▶ _Task_: Each line of the data that mentions the string "lemma" needs to be identified and copied.

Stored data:
━━━━━━━━━━━━━━━━━━━━━━━━━━━━━━

lemma sums_append_integral:
  "(\<lambda>k. append_integral k / fact k) sums (\<integral>ys. g ys * (\<Sum>k. 1 / fact k * calE_integral m ys k) \<partial>P m)"
proof -
  obtain C where C: "\<forall>ys. (\<forall>i<m. ys i \<in> short_segs b) \<longrightarrow> \<bar>g ys\<bar> \<le> C"
    using local_bounded_funD(2)[OF g] by blast
  have "integrable (P m) (series_term k)" for k
  proof (rule integrable_P_if_bounded_on_short[OF measurable_series_term])
    fix ys assume "\<And>i. i < m \<Longrightarrow> ys i \<in> short_segs b"
    then show "\<bar>series_term k ys\<bar> \<le> C * growth ^ m * (inverse (fact k) * (growth * mass) ^ k)"
      by (rule abs_series_term_le[OF C])
  qed
  from sums_integral[OF this AE_summable_series_term summable_integral_series_term]
  have "(\<lambda>k. \<integral>ys. series_term k ys \<partial>P m) sums (\<integral>ys. (\<Sum>k. series_term k ys) \<partial>P m)" .
  moreover have "(\<integral>ys. series_term k ys \<partial>P m) = append_integral k / fact k" for k
    unfolding series_term_def append_integral_eq by (simp add: mult.left_commute[of "g _"])
  moreover have "(\<integral>ys. (\<Sum>k. series_term k ys) \<partial>P m) = (\<integral>ys. g ys * (\<Sum>k. 1 / fact k * calE_integral m ys k) \<partial>P m)"
  proof (rule integral_cong_AE)
    show "(\<lambda>ys. \<Sum>k. series_term k ys) \<in> borel_measurable (P m)"
      using measurable_series_term by (rule borel_measurable_suminf)
    show "(\<lambda>ys. g ys * (\<Sum>k. 1 / fact k * calE_integral m ys k)) \<in> borel_measurable (P m)"
      by (intro borel_measurable_times local_bounded_funD(1)[OF g] borel_measurable_suminf borel_measurable_const
          measurable_calE_integral)
    show "AE ys in P m. (\<Sum>k. series_term k ys) = g ys * (\<Sum>k. 1 / fact k * calE_integral m ys k)"
      using AE_short_config[of m]
    proof eventually_elim
      case (elim ys)
      then have "summable (\<lambda>k. \<bar>1 / fact k * calE_integral m ys k\<bar>)"
        by (intro summable_calE_integral) simp
      then show ?case
        unfolding series_term_def by (rule suminf_mult[OF summable_rabs_cancel])
    qed
  qed
  ultimately show ?thesis
    by simp
qed

lemma poisson_expect_sum_injections:
  "poisson_expect lam (\<lambda>n xs. (\<Sum>\<sigma>\<in>injections m n. g (\<lambda>i. xs (\<sigma> i))) * Gexp \<nu>1 \<nu>2 n xs) =
     (\<integral>ys. g ys * poisson_expect lam (\<lambda>n xs. calE \<nu>1 \<nu>2 n xs m ys * Gexp \<nu>1 \<nu>2 n xs) \<partial>P m)"
    and poisson_summable_sum_injections:
  "poisson_summable lam (\<lambda>n xs. (\<Sum>\<sigma>\<in>injections m n. g (\<lambda>i. xs (\<sigma> i))) * Gexp \<nu>1 \<nu>2 n xs)"
proof -
  let ?a = "\<lambda>n. 1 / fact n * (\<integral>xs. (\<Sum>\<sigma>\<in>injections m n. g (\<lambda>i. xs (\<sigma> i))) * Gexp \<nu>1 \<nu>2 n xs \<partial>P n)"
  have "?a (k + m) = append_integral k / fact k" for k
    by (simp only: integral_sum_injections) simp
  then have "(\<lambda>n. ?a (n + m)) sums (\<integral>ys. g ys * (\<Sum>k. 1 / fact k * calE_integral m ys k) \<partial>P m)"
    using sums_append_integral by simp
  moreover have "(\<Sum>n<m. ?a n) = 0"
    by (simp only: integral_sum_injections) simp
  ultimately have a_sums: "?a sums (\<integral>ys. g ys * (\<Sum>k. 1 / fact k * calE_integral m ys k) \<partial>P m)"
    using sums_iff_shift[of ?a m] by simp
  have "poisson_expect lam (\<lambda>n xs. (\<Sum>\<sigma>\<in>injections m n. g (\<lambda>i. xs (\<sigma> i))) * Gexp \<nu>1 \<nu>2 n xs) =
      exp (- mass) * (\<integral>ys. g ys * (\<Sum>k. 1 / fact k * calE_integral m ys k) \<partial>P m)"
    unfolding poisson_expect_def using sums_unique[OF a_sums] by simp
  also have "\<dots> = (\<integral>ys. exp (- mass) * (g ys * (\<Sum>k. 1 / fact k * calE_integral m ys k)) \<partial>P m)"
    by (rule integral_mult_right_zero[symmetric])
  also have "\<dots> = (\<integral>ys. g ys * poisson_expect lam (\<lambda>n xs. calE \<nu>1 \<nu>2 n xs m ys * Gexp \<nu>1 \<nu>2 n xs) \<partial>P m)"
    unfolding poisson_expect_calE by (simp only: mult.left_commute)
  finally show "poisson_expect lam (\<lambda>n xs. (\<Sum>\<sigma>\<in>injections m n. g (\<lambda>i. xs (\<sigma> i))) * Gexp \<nu>1 \<nu>2 n xs) =
     (\<integral>ys. g ys * poisson_expect lam (\<lambda>n xs. calE \<nu>1 \<nu>2 n xs m ys * Gexp \<nu>1 \<nu>2 n xs) \<partial>P m)" .
  have "integrable (P n) (\<lambda>xs. (\<Sum>\<sigma>\<in>injections m n. g (\<lambda>i. xs (\<sigma> i))) * Gexp \<nu>1 \<nu>2 n xs)" for n
    unfolding sum_distrib_right
    by (intro Bochner_Integration.integrable_sum integrable_g_comp_Gexp) (auto simp: injections_def)
  with sums_summable[OF a_sums]
  show "poisson_summable lam (\<lambda>n xs. (\<Sum>\<sigma>\<in>injections m n. g (\<lambda>i. xs (\<sigma> i))) * Gexp \<nu>1 \<nu>2 n xs)"
    unfolding poisson_summable_def by blast
qed

lemma gibbs_expect_sum_injections:
  "gibbs_expect lam \<nu>1 \<nu>2 (\<lambda>n xs. \<Sum>\<sigma>\<in>injections m n. g (\<lambda>i. xs (\<sigma> i))) =
    (\<integral>ys. gibbs_expect lam \<nu>1 \<nu>2 (\<lambda>n xs. calE \<nu>1 \<nu>2 n xs m ys) * g ys \<partial>P m)"
proof -
  let ?Z = "poisson_expect lam (Gexp \<nu>1 \<nu>2)"
  have "gibbs_expect lam \<nu>1 \<nu>2 (\<lambda>n xs. \<Sum>\<sigma>\<in>injections m n. g (\<lambda>i. xs (\<sigma> i))) =
      (\<integral>ys. g ys * poisson_expect lam (\<lambda>n xs. calE \<nu>1 \<nu>2 n xs m ys * Gexp \<nu>1 \<nu>2 n xs) \<partial>P m) / ?Z"
    unfolding gibbs_expect_def by (simp only: poisson_expect_sum_injections)
  also have "\<dots> = (\<integral>ys. g ys * poisson_expect lam (\<lambda>n xs. calE \<nu>1 \<nu>2 n xs m ys * Gexp \<nu>1 \<nu>2 n xs) / ?Z \<partial>P m)"
    by (rule integral_divide_zero[symmetric])
  also have "\<dots> = (\<integral>ys. gibbs_expect lam \<nu>1 \<nu>2 (\<lambda>n xs. calE \<nu>1 \<nu>2 n xs m ys) * g ys \<partial>P m)"
    by (simp add: gibbs_expect_def mult.commute)
  finally show ?thesis .
qed

end

lemma measurable_gibbs_expect_calE:
  "(\<lambda>ys. gibbs_expect lam \<nu>1 \<nu>2 (\<lambda>n xs. calE \<nu>1 \<nu>2 n xs m ys)) \<in> borel_measurable (P m)"
  unfolding gibbs_expect_def
  by (intro borel_measurable_divide measurable_poisson_expect_calE borel_measurable_const)

lemma integral_P_1_gibbs_expect_calE:
  fixes f :: "segment \<Rightarrow> real"
  assumes "f \<in> borel_measurable lam"
  shows "(\<integral>ys. gibbs_expect lam \<nu>1 \<nu>2 (\<lambda>n xs. calE \<nu>1 \<nu>2 n xs 1 ys) * f (ys 0) \<partial>P 1) =
    (\<integral>y. gibbs_expect lam \<nu>1 \<nu>2 (\<lambda>n xs. calE \<nu>1 \<nu>2 n xs 1 (\<lambda>_. y)) * f y \<partial>lam)"
proof -
  have calE_1: "calE \<nu>1 \<nu>2 n xs 1 ys = calE \<nu>1 \<nu>2 n xs 1 (\<lambda>_. ys 0)" for n xs and ys :: "nat \<Rightarrow> segment"
    by (rule calE_cong) auto
  have "(\<lambda>y. gibbs_expect lam \<nu>1 \<nu>2 (\<lambda>n xs. calE \<nu>1 \<nu>2 n xs 1 (\<lambda>i\<in>{..<1}. y))) \<in> borel_measurable lam"
    by (rule measurable_compose[OF measurable_restrict measurable_gibbs_expect_calE]) simp
  then have "(\<lambda>y. gibbs_expect lam \<nu>1 \<nu>2 (\<lambda>n xs. calE \<nu>1 \<nu>2 n xs 1 (\<lambda>_. y)) * f y) \<in> borel_measurable lam"
    using assms by (subst (asm) calE_1) (simp add: borel_measurable_times)
  then show ?thesis
    by (subst calE_1) (rule integral_P_1)
qed

section \<open>First and second moments\<close>

lemma gibbs_expect_Lc:
  "gibbs_expect lam \<nu>1 \<nu>2 Lc = (\<integral>y. gibbs_expect lam \<nu>1 \<nu>2 (\<lambda>n xs. calE \<nu>1 \<nu>2 n xs 1 (\<lambda>_. y)) * len y \<partial>lam)"
proof -
  have "gibbs_expect lam \<nu>1 \<nu>2 Lc = gibbs_expect lam \<nu>1 \<nu>2 (\<lambda>n xs. \<Sum>\<sigma>\<in>injections 1 n. len (xs (\<sigma> 0)))"
    by (intro arg_cong[where f = "gibbs_expect lam \<nu>1 \<nu>2"] ext Lc_eq_sum_injections)
  also have "\<dots> = (\<integral>ys. gibbs_expect lam \<nu>1 \<nu>2 (\<lambda>n xs. calE \<nu>1 \<nu>2 n xs 1 ys) * len (ys 0) \<partial>P 1)"
    by (rule gibbs_expect_sum_injections) (simp add: local_bounded_fun_len)
  also have "\<dots> = (\<integral>y. gibbs_expect lam \<nu>1 \<nu>2 (\<lambda>n xs. calE \<nu>1 \<nu>2 n xs 1 (\<lambda>_. y)) * len y \<partial>lam)"
    by (rule integral_P_1_gibbs_expect_calE[OF measurable_len[OF measurable_ident_sets[OF refl]]])
  finally show ?thesis .
qed

lemma gibbs_expect_Nc:
  "gibbs_expect lam \<nu>1 \<nu>2 Nc =
    1/2 * (\<integral>ys. gibbs_expect lam \<nu>1 \<nu>2 (\<lambda>n xs. calE \<nu>1 \<nu>2 n xs 2 ys) * ind (ys 0) (ys 1) \<partial>P 2)"
proof -
  have "gibbs_expect lam \<nu>1 \<nu>2 Nc =
      gibbs_expect lam \<nu>1 \<nu>2 (\<lambda>n xs. \<Sum>\<sigma>\<in>injections 2 n. 1/2 * ind (xs (\<sigma> 0)) (xs (\<sigma> 1)))"
    by (intro arg_cong[where f = "gibbs_expect lam \<nu>1 \<nu>2"] ext Nc_eq_sum_injections)
  also have "\<dots> = (\<integral>ys. gibbs_expect lam \<nu>1 \<nu>2 (\<lambda>n xs. calE \<nu>1 \<nu>2 n xs 2 ys) * (1/2 * ind (ys 0) (ys 1)) \<partial>P 2)"
    by (rule gibbs_expect_sum_injections)
      (intro local_bounded_fun_mult local_bounded_fun_const local_bounded_fun_ind; simp)
  finally show ?thesis
    by simp
qed

lemma gibbs_expect_Lc_square:
  "gibbs_expect lam \<nu>1 \<nu>2 (\<lambda>n xs. (Lc n xs)\<^sup>2) =
     (\<integral>y. gibbs_expect lam \<nu>1 \<nu>2 (\<lambda>n xs. calE \<nu>1 \<nu>2 n xs 1 (\<lambda>_. y)) * (len y)\<^sup>2 \<partial>lam)
   + (\<integral>ys. gibbs_expect lam \<nu>1 \<nu>2 (\<lambda>n xs. calE \<nu>1 \<nu>2 n xs 2 ys) * len (ys 0) * len (ys 1) \<partial>P 2)"
proof -
  have g1: "local_bounded_fun 1 (\<lambda>ys. (len (ys 0))\<^sup>2)"
    by (intro local_bounded_fun_power local_bounded_fun_len) simp
  have g2: "local_bounded_fun 2 (\<lambda>ys. len (ys 0) * len (ys 1))"
    by (intro local_bounded_fun_mult local_bounded_fun_len) simp_all
  have "gibbs_expect lam \<nu>1 \<nu>2 (\<lambda>n xs. (Lc n xs)\<^sup>2) = gibbs_expect lam \<nu>1 \<nu>2
      (\<lambda>n xs. (\<Sum>\<sigma>\<in>injections 1 n. (len (xs (\<sigma> 0)))\<^sup>2) + (\<Sum>\<sigma>\<in>injections 2 n. len (xs (\<sigma> 0)) * len (xs (\<sigma> 1))))"
    by (intro arg_cong[where f = "gibbs_expect lam \<nu>1 \<nu>2"] ext Lc_square_eq_sum_injections)
  also have "\<dots> = gibbs_expect lam \<nu>1 \<nu>2 (\<lambda>n xs. \<Sum>\<sigma>\<in>injections 1 n. (len (xs (\<sigma> 0)))\<^sup>2)
      + gibbs_expect lam \<nu>1 \<nu>2 (\<lambda>n xs. \<Sum>\<sigma>\<in>injections 2 n. len (xs (\<sigma> 0)) * len (xs (\<sigma> 1)))"
    using gibbs_expect_add(1)[OF poisson_summable_sum_injections[OF g1] poisson_summable_sum_injections[OF g2]]
    by simp
  also have "\<dots> = (\<integral>ys. gibbs_expect lam \<nu>1 \<nu>2 (\<lambda>n xs. calE \<nu>1 \<nu>2 n xs 1 ys) * (len (ys 0))\<^sup>2 \<partial>P 1)
      + (\<integral>ys. gibbs_expect lam \<nu>1 \<nu>2 (\<lambda>n xs. calE \<nu>1 \<nu>2 n xs 2 ys) * (len (ys 0) * len (ys 1)) \<partial>P 2)"
    using gibbs_expect_sum_injections[OF g1] gibbs_expect_sum_injections[OF g2] by simp
  also have "(\<integral>ys. gibbs_expect lam \<nu>1 \<nu>2 (\<lambda>n xs. calE \<nu>1 \<nu>2 n xs 1 ys) * (len (ys 0))\<^sup>2 \<partial>P 1) =
      (\<integral>y. gibbs_expect lam \<nu>1 \<nu>2 (\<lambda>n xs. calE \<nu>1 \<nu>2 n xs 1 (\<lambda>_. y)) * (len y)\<^sup>2 \<partial>lam)"
    by (rule integral_P_1_gibbs_expect_calE[where f = "\<lambda>y. (len y)\<^sup>2"])
      (intro borel_measurable_power measurable_len measurable_ident_sets refl)
  finally show ?thesis
    by (simp add: mult.assoc)
qed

━━━━━━━━━━━━━━━━━━━━━━━━━━━━━━

▶ _Solved exercise_:
lemma sums_append_integral:
lemma poisson_expect_sum_injections:
lemma gibbs_expect_sum_injections:
lemma measurable_gibbs_expect_calE:
lemma integral_P_1_gibbs_expect_calE:
lemma gibbs_expect_Lc:
lemma gibbs_expect_Nc:
lemma gibbs_expect_Lc_square:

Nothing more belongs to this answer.